„Dzieje Niemców. Pomocnik Historyczny POLITYKI” – recenzja i ocena

opublikowano: 2021-10-11 15:19
wolna licencja
poleć artykuł:
„Pomocnik Historyczny” tygodnika „Polityka” to seria publikacji, która przez kilka lat zdążyła zdobyć pewne uznanie. Poszczególne „Pomocniki” zwykle są co najmniej solidne, a zdarzają się też naprawdę znakomite. Do najbardziej udanych należały publikacje poświęcone historii Imperium Brytyjskiego, 500-leciu Reformacji czy bitwie pod Grunwaldem. Czy najnowsza pozycja poświęcona bogatym (a nawet, jak trafnie ujęto, „aż nazbyt bogatym”) dziejom Niemców dorównuje im?
REKLAMA

„Dzieje Niemców. Pomocnik Historyczny POLITYKI” – recenzja i ocena

Pomocnik Historyczny POLITYKI
„Dzieje Niemców”
nasza ocena:
7/10
cena:
25,99 zł
Wydawca:
POLITYKA
Rok wydania:
2021
Okładka:
klejona
Liczba stron:
140
Premiera:
22.09.2021
Format:
A4

Część „Pomocników Historycznych” ukazywała się z jakiejś okazji (zazwyczaj była nią rocznica jakiegoś wydarzenia). Choć publikacja stawiająca sobie za zadanie omówienie dwóch tysiącleci – od starożytności po dzień dzisiejszy, z oczywistych powodów nie należy do takich „okazjonalnych” wydawnictw, to redaktorzy „Pomocnika” nie kryją, że asumptem to zmierzenia się z tematyką niemiecką jest zakończenie rządów Angeli Merkel. O szesnastoletnim sprawowaniu przez nią funkcji kanclerskiej też można już powiedzieć, że stanowi osobną epokę w historii Niemiec. Nie dziwi więc, że publikację otwiera tekst będący próbą bilansu dorobku Merkel, oceniający go – co biorąc pod uwagę linię „Polityki” nie jest chyba przesadnie zaskakujące – pozytywnie, acz nie bezkrytycznie. Surowo oceniono choćby politykę kanclerz wobec Nord Stream 2.

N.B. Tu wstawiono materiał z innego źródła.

(* Let $\rho$ be a critical radius function on $\mathbb{R}^n$ and $p(\cdot),q(\cdot)\in\mathcal{P}^{\log}(\mathbb{R}^n)$ with $q(\cdot)\le p(\cdot)$. If $w\in A^\rho_{q(\cdot),\infty}$, then $w\in A^\rho_{p(\cdot),\infty}$.
   Context: A critical radius function is $\rho:\mathbb{R}^n\to(0,\infty)$ with constants $c_\rho,N_\rho\ge1$ such that $c_\rho^{-1}\rho(x)\big(1+\frac{|x-y|}{\rho(x)}\big)^{-N_\rho}\le\rho(y)\le c_\rho\rho(x)\big(1+\frac{|x-y|}{\rho(x)}\big)^{N_\rho/(N_\rho+1)}$ for all $x,y$. $\mathcal{P}(\mathbb{R}^n)$ is the set of measurable $p(\cdot):\mathbb{R}^n\to[1,\infty]$, $p^\pm$ ess sup/inf, $p'(\cdot)$ the pointwise conjugate exponent, $\|\cdot\|_{p(\cdot)}$ the Luxemburg norm $\inf\{\lambda>0:\int(|f|/\lambda)^{p(x)}dx\le1\}$. $p\in\mathcal{P}^{\log}(\mathbb{R}^n)$ means $p^+<\infty$ and there are $C,p_\infty$ with $|p(x)-p(y)|\le-C/\log|x-y|$ for $|x-y|<1/2$ and $|p(x)-p_\infty|\le C/\log(e+|x|)$. A weight is a locally integrable $w$ with $0<w<\infty$ a.e.; $w\in A^\rho_{p(\cdot),\infty}$ if there are $\theta>0,C>0$ with $\|w\chi_B\|_\infty\|w^{-1}\chi_B\|_{p'(\cdot)}\le C\|\chi_B\|_{p'(\cdot)}(1+\frac r{\rho(x)})^\theta$ for all balls $B=B(x,r)$. *)

theory Defs
  imports "HOL-Analysis.Analysis" "HOL-Probability.Essential_Supremum"
begin

definition critical_radius :: "('a::euclidean_space \<Rightarrow> real) \<Rightarrow> bool" where
  "critical_radius \<rho> \<longleftrightarrow> (\<forall>x. \<rho> x > 0) \<and>
     (\<exists>c N. c \<ge> 1 \<and> N \<ge> 1 \<and> (\<forall>x y.
        (1/c) * \<rho> x * (1 + dist x y / \<rho> x) powr (- N) \<le> \<rho> y \<and>
        \<rho> y \<le> c * \<rho> x * (1 + dist x y / \<rho> x) powr (N / (N + 1))))"

definition var_exp :: "('a::euclidean_space \<Rightarrow> ereal) \<Rightarrow> bool" where
  "var_exp p \<longleftrightarrow> p \<in> borel_measurable lebesgue \<and> (\<forall>x. 1 \<le> p x)"

definition exp_sup :: "('a::euclidean_space \<Rightarrow> ereal) \<Rightarrow> ereal" where
  "exp_sup p = esssup lebesgue p"

definition conj_exp :: "('a \<Rightarrow> ereal) \<Rightarrow> 'a \<Rightarrow> ereal" where
  "conj_exp p x = (if p x = 1 then \<infinity> else if p x = \<infinity> then 1 else p x / (p x - 1))"

definition log_holder :: "('a::euclidean_space \<Rightarrow> ereal) \<Rightarrow> bool" where
  "log_holder p \<longleftrightarrow> var_exp p \<and> exp_sup p < \<infinity> \<and>
     (\<exists>C pinf :: real.
        (\<forall>x y. dist x y < 1/2 \<longrightarrow> \<bar>p x - p y\<bar> \<le> ereal (- C / ln (dist x y))) \<and>
        (\<forall>x. \<bar>p x - ereal pinf\<bar> \<le> ereal (C / ln (exp 1 + norm x))))"

definition exp_pow :: "ereal \<Rightarrow> real \<Rightarrow> ennreal" where
  "exp_pow p t = (if p = \<infinity> then (if t \<le> 1 then 0 else \<infinity>)
                  else ennreal (t powr real_of_ereal p))"

text \<open>Luxemburg norm of the variable Lebesgue space (value \<infinity> if no \<lambda> works).\<close>
definition lux_norm :: "('a::euclidean_space \<Rightarrow> ereal) \<Rightarrow> ('a \<Rightarrow> real) \<Rightarrow> ereal" where
  "lux_norm p f = Inf {ereal l | l. l > 0 \<and>
      (\<integral>\<^sup>+ x. exp_pow (p x) (\<bar>f x\<bar> / l) \<partial>lebesgue) \<le> 1}"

Autorem tekstu o erze Angeli Merkel jest Adam Krzemiński, specjalista „Polityki” od spraw niemieckich. Cechą „Pomocników Historycznych” zawsze było to, że na ich łamach „spotykali się” autorzy tak związani z „Polityką”, jak i „zewnętrzni” – zazwyczaj naukowcy o uznanym dorobku w dziedzinie, której dotyczy publikacja. Tak jest i tym razem – oprócz wspomnianego już Adama Krzemińskiego, współpracującego z „Polityką” historyka Tomasza Targańskiego czy krytyczki muzycznej Doroty Szwarcman, autorami tekstów są m.in. prof. Jerzy Kochanowski, prof. Ryszard Kaczmarek, prof. Wojciech Kunicki, prof. Jan M. Piskorski czy dr hab. Maciej Ptaszyński. Wykorzystano też, opublikowany wcześniej w „Pomocniku Historycznym” o Trzeciej Rzeszy tekst nieżyjącego już prof. Jerzego Holzera.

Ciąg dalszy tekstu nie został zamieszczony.